4. The plot of the horror story involved a man who survived an awful killing? lived in a mental home. He drew pictures with white shoe polish and charcoal. There were teenagers and one of them had an older sister who was taking care of the crazy old man while she was having an affair with the local policeman. Two of the teenagers were caving and found luna moths, which had something to do with the plot. There was a woman named Birka who had become one of the creatures that killed the crazy man's family--she might have been his mother but she was with the creature. They were using strangler vine to stop the creatures and if anyone got one of the killer's thorns embedded in their skin they'd turn cold and deadish like the creature. It seems like it ended with one of the teenagers getting a thorn in his foot. Found! It's Fiends (1990) by John Farris.

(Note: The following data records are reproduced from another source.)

lemma measure_unanswered:
  fixes R :: "ternary_fn pmf"
  shows "measure_pmf.prob R {F. F x = None} = 1 - measure_pmf.prob R {F. F x \<noteq> None}"
proof -
  have "{F. F x = None} = space (measure_pmf R) - {F. F x \<noteq> None}" by auto
  then show ?thesis by (simp only:) (rule measure_pmf.prob_compl; simp)
qed

definition child_message_pmf :: "real \<Rightarrow> nat \<Rightarrow> ternary_fn pmf \<Rightarrow> nat \<Rightarrow> ternary_fn pmf" where
  "child_message_pmf \<theta> n R j = map_pmf (noisy_message n j) (pair_pmf R (bernoulli_pmf ((1 + \<theta>) / 2)))"

lemma measure_child_message_pmf:
  assumes "-1 \<le> \<theta>" "\<theta> \<le> 1"
  shows "measure_pmf.prob (child_message_pmf \<theta> n R j) {F. F x = Some a}
    = (1 + \<theta>) / 2 * measure_pmf.prob R {F. F (subtree_input n j x) = Some a}
    + (1 - \<theta>) / 2 * measure_pmf.prob R {F. F (subtree_input n j x) = Some (\<not> a)}"
proof -
  let ?B = "bernoulli_pmf ((1 + \<theta>) / 2)" and ?y = "subtree_input n j x"
  have "noisy_message n j -` {F. F x = Some a}
      = {F. F ?y = Some a} \<times> {True} \<union> {F. F ?y = Some (\<not> a)} \<times> {False}"
    by (auto simp: noisy_message_def)
  then have "measure_pmf.prob (child_message_pmf \<theta> n R j) {F. F x = Some a}
      = measure_pmf.prob (pair_pmf R ?B) ({F. F ?y = Some a} \<times> {True})
      + measure_pmf.prob (pair_pmf R ?B) ({F. F ?y = Some (\<not> a)} \<times> {False})"
    by (simp add: child_message_pmf_def) (rule measure_pmf.finite_measure_Union; auto)
  with assms show ?thesis
    by (simp add: measure_pair_pmf_Times measure_pmf_single field_simps)
qed

fun unanimity_pmf :: "real \<Rightarrow> nat \<Rightarrow> ternary_fn pmf \<Rightarrow> nat \<Rightarrow> ternary_fn pmf" where
  "unanimity_pmf \<theta> n R 0 = child_message_pmf \<theta> n R 0"
| "unanimity_pmf \<theta> n R (Suc m) =
     map_pmf (case_prod consensus) (pair_pmf (unanimity_pmf \<theta> n R m) (child_message_pmf \<theta> n R (Suc m)))"

lemma measure_unanimity_pmf:
  "measure_pmf.prob (unanimity_pmf \<theta> n R m) {F. F x = Some a}
    = (\<Prod>j<Suc m. measure_pmf.prob (child_message_pmf \<theta> n R j) {F. F x = Some a})"
proof (induction m)
  case 0
  then show ?case by simp
next
  case (Suc m)
  have "case_prod consensus -` {F. F x = Some a} = {F. F x = Some a} \<times> {G. G x = Some a}"
    by (auto simp: consensus_def split: if_splits)
  with Suc show ?case by (simp add: measure_pair_pmf_Times)
qed

lemma ternary_computable_unanimity_pmf:
  assumes "\<forall>F\<in>set_pmf R. ternary_computable n D F" "m < k"
  shows "\<forall>F\<in>set_pmf (unanimity_pmf \<theta> n R m). ternary_computable (k * n) (D + 1 + 4 * m) F"
  using assms(2)
proof (induction m)
  case 0
  then have "Suc 0 * n \<le> k * n" by simp
  with assms(1) show ?case
    by (auto simp: child_message_pmf_def intro!: ternary_computable_noisy_message)
next
  case (Suc m)
  then have "Suc (Suc m) * n \<le> k * n" by (intro mult_le_mono1) simp
  with assms(1) have "\<forall>G\<in>set_pmf (child_message_pmf \<theta> n R (Suc m)). ternary_computable (k * n) (D + 1 + 4 * m) G"
    by (auto simp: child_message_pmf_def intro!: ternary_computable_mono[OF ternary_computable_noisy_message])
  with Suc show ?case
    by (auto intro!: ternary_computable_mono[OF ternary_computable_consensus])
qed

fun retry_pmf :: "ternary_fn pmf \<Rightarrow> nat \<Rightarrow> ternary_fn pmf" where
  "retry_pmf P 0 = return_pmf (\<lambda>x. None)"
| "retry_pmf P (Suc t) = map_pmf (case_prod first_answer) (pair_pmf P (retry_pmf P t))"

lemma measure_retry_pmf_None:
  "measure_pmf.prob (retry_pmf P t) {F. F x = None} = measure_pmf.prob P {F. F x = None} ^ t"
proof (induction t)
  case 0
  then show ?case by simp
next
  case (Suc t)
  have "case_prod first_answer -` {F. F x = None} = {F. F x = None} \<times> {G. G x = None}"
    by (auto simp: first_answer_def split: option.splits)
  with Suc show ?case by (simp add: measure_pair_pmf_Times)
qed

lemma measure_retry_pmf_Some:
  "measure_pmf.prob (retry_pmf P t) {F. F x = Some a}
    = measure_pmf.prob P {F. F x = Some a} * (\<Sum>i<t. measure_pmf.prob P {F. F x = None} ^ i)"
proof (induction t)
  case 0
  then show ?case by simp
next
  case (Suc t)
  let ?p = "measure_pmf.prob P {F. F x = Some a}" and ?q = "measure_pmf.prob P {F. F x = None}"
  have "case_prod first_answer -` {F. F x = Some a}
      = {F. F x = Some a} \<times> UNIV \<union> {F. F x = None} \<times> {G. G x = Some a}"
    by (auto simp: first_answer_def split: option.splits)
  then have "measure_pmf.prob (retry_pmf P (Suc t)) {F. F x = Some a}
      = ?p + ?q * measure_pmf.prob (retry_pmf P t) {F. F x = Some a}"
    by simp (subst measure_pmf.finite_measure_Union; auto simp: measure_pair_pmf_Times)
  also have "\<dots> = ?p * (1 + (\<Sum>i<t. ?q * ?q ^ i))"
    by (simp add: Suc sum_distrib_left algebra_simps)
  also have "\<dots> = ?p * (\<Sum>i<Suc t. ?q ^ i)"
    by (simp only: sum.lessThan_Suc_shift power_Suc power_0)
  finally show ?case .
qed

5. I saw it in 1984, so it was likely published in that year or 1983. The cover showed a body on an operating table, covered with a sheet, and with those big electrode things overhead (like from the Frankenstein movie).  I only remember the blurb on the back cover. It went something like this: "_________ asylum. They warned him not to go there. But his son has disappeared, so he must dare. Now, from a window in a cell in the asylum, he watches as a group of lunatics lower a child-size coffin into the ground. The coffin moves. The boy is still alive. But no one can hear his screams over the howls of the patients, no one except the woman who is waiting in the asylum, and the doctor who is preparing the final experiment." Found! It's The Bad Room (1983) by Christopher Cook Gilmore.


10 comments:

CassFrank said...

No 2 could be Robert Bloch's short story "Talent" (1960) but I'd need to re-read it to be sure.

Will Errickson said...

I read Bloch's story and while it's similar, it's not quite right; my guess is now "Talent" by Theodore Sturgeon. Thanks for the suggestion, however, the Bloch story was pretty cool!

Tony Rabig said...

I think it is the Sturgeon. You'll find it in A SAUCER OF LONELINESS (vol 7 in the big set of Sturgeon's complete short work). A lot of anthology appearances too. Check out the list at:
https://www.isfdb.org/cgi-bin/title.cgi?45091

Zwolf said...

The last one has gotta be The Bad Room by Christopher Cook Gilmore. https://www.goodreads.com/book/show/1550103.The_Bad_Room Here's a back cover image: https://i.ebayimg.com/images/g/D3AAAOSw2NVfWO0U/s-l960.webp

Mike said...

"I... Vampire" was in "The House of Mystery" from DC Comics. Maybe this'll help in finding the first story.

dlinds said...

Thanks, zwolf!

Alejandro Omidsalar said...

Guillermo del Toro actually adapted Frederic Brown's "Naturally" as a Mario Bava-esque short film called "Geometria. I believe it is currently available at the Criterion Channel, for anyone interested in seeing a live-action rendition of the story en Espanol.

Mike said...

Here's a list of the issues that made up "I...Vampire":

*"The House of Mystery" #290-291, 293, 295, 297, 299, 302 and 304-319,
*"The Brave and the Bold" #195 (I still don't know where this one fits into the storyline, though).

Again, hope this helps in finding the first story.

Todd Mason said...

https://socialistjazz.blogspot.com/2024/08/short-story-wednesday-links-to-reviews.html

Todd Mason said...

And Brown's story first appeared, a year after Sturgeon's in issue date, also in BEYOND. Lovely magazine, gave me an excuse to juxtapose the issue covers. *See my blog's current latest entry.